Task brief ->
Give the lines again word for word, beginning with the one containing "theory Defs" and ending with the last line of the material below.

--

(* Suppose units arrive in $K$ sequential groups of sizes $n_1,\dots,n_K$ (each even) with $n_{tk}=n_{ck}=n_k/2$ for $k=1,\dots,K$, and the assignment $W=(W_{[1]},\dots,W_{[K]})$ is generated by sequential pair-switching rerandomization (SeqPSRR), assumed to terminate almost surely in every group. Then the difference-in-means estimator $\widehat\tau=\frac{2}{n}\sum_{i=1}^nW_iY_i(1)-\frac2n\sum_{i=1}^n(1-W_i)Y_i(0)$, $n=\sum_kn_k$, satisfies $E(\widehat\tau)=\tau=n^{-1}\sum_{i=1}^n\{Y_i(1)-Y_i(0)\}$.
   Context: Units are indexed so that group $k$ consists of units $n_{1:(k-1)}+1,\dots,n_{1:k}$, where $n_{1:k}=\sum_{l\le k}n_l$; $W_{[k]}$ is the assignment sub-vector of group $k$, with $n_{tk}$ treated and $n_{ck}$ controls. Covariates $X_i\in\mathbb R^p$ are fixed; $S_{XX[k]}$ is the (assumed invertible) sample covariance of the covariates of the first $k$ groups. With earlier groups' assignments fixed, the cumulative Mahalanobis distance of a group-$k$ assignment is $M_k(W_{[k]})=n_{t,1:k}(1-n_{t,1:k}/n_{1:k})(\overline X_{t[1:k]}-\overline X_{c[1:k]})^{\mathrm T}S_{XX[k]}^{-1}(\overline X_{t[1:k]}-\overline X_{c[1:k]})$, where $n_{t,1:k}=\sum_{l\le k}n_{tl}$ and $\overline X_{t[1:k]}$, $\overline X_{c[1:k]}$ are covariate means of treated/control units among the first $k$ groups. SeqPSRR (inputs: positive numbers $s_1,\dots,s_K$, tuning parameter $\gamma\ge0$): set $M_{[0]}=0$; for $k=1,\dots,K$: set $a_k=n_k(n_{1:k})^{-1}q_k$, where $q_k$ is the lower $1/s_k$ quantile of a noncentral chi-square distribution with $p$ degrees of freedom and noncentrality parameter $n_{1:(k-1)}n_k^{-1}M_{[k-1]}$; draw $W^{(0)}_{[k]}$ uniformly among group-$k$ assignments with $n_{tk}$ ones; while $M_k(W^{(t)}_{[k]})>a_k$, swap a uniformly chosen treated and a uniformly chosen control unit of group $k$ to get $W^*_{[k]}$ and move to it with probability $\min\{(M_k(W^{(t)}_{[k]})/M_k(W^*_{[k]}))^\gamma,1\}$ (otherwise retry); output the final $W_{[k]}$ and set $M_{[k]}=M_k(W_{[k]})$. *)

theory Defs
  imports "HOL-Analysis.Analysis" "HOL-Probability.Probability"
begin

--

Answer section ->
theory Defs
  imports "HOL-Analysis.Analysis" "HOL-Probability.Probability"
begin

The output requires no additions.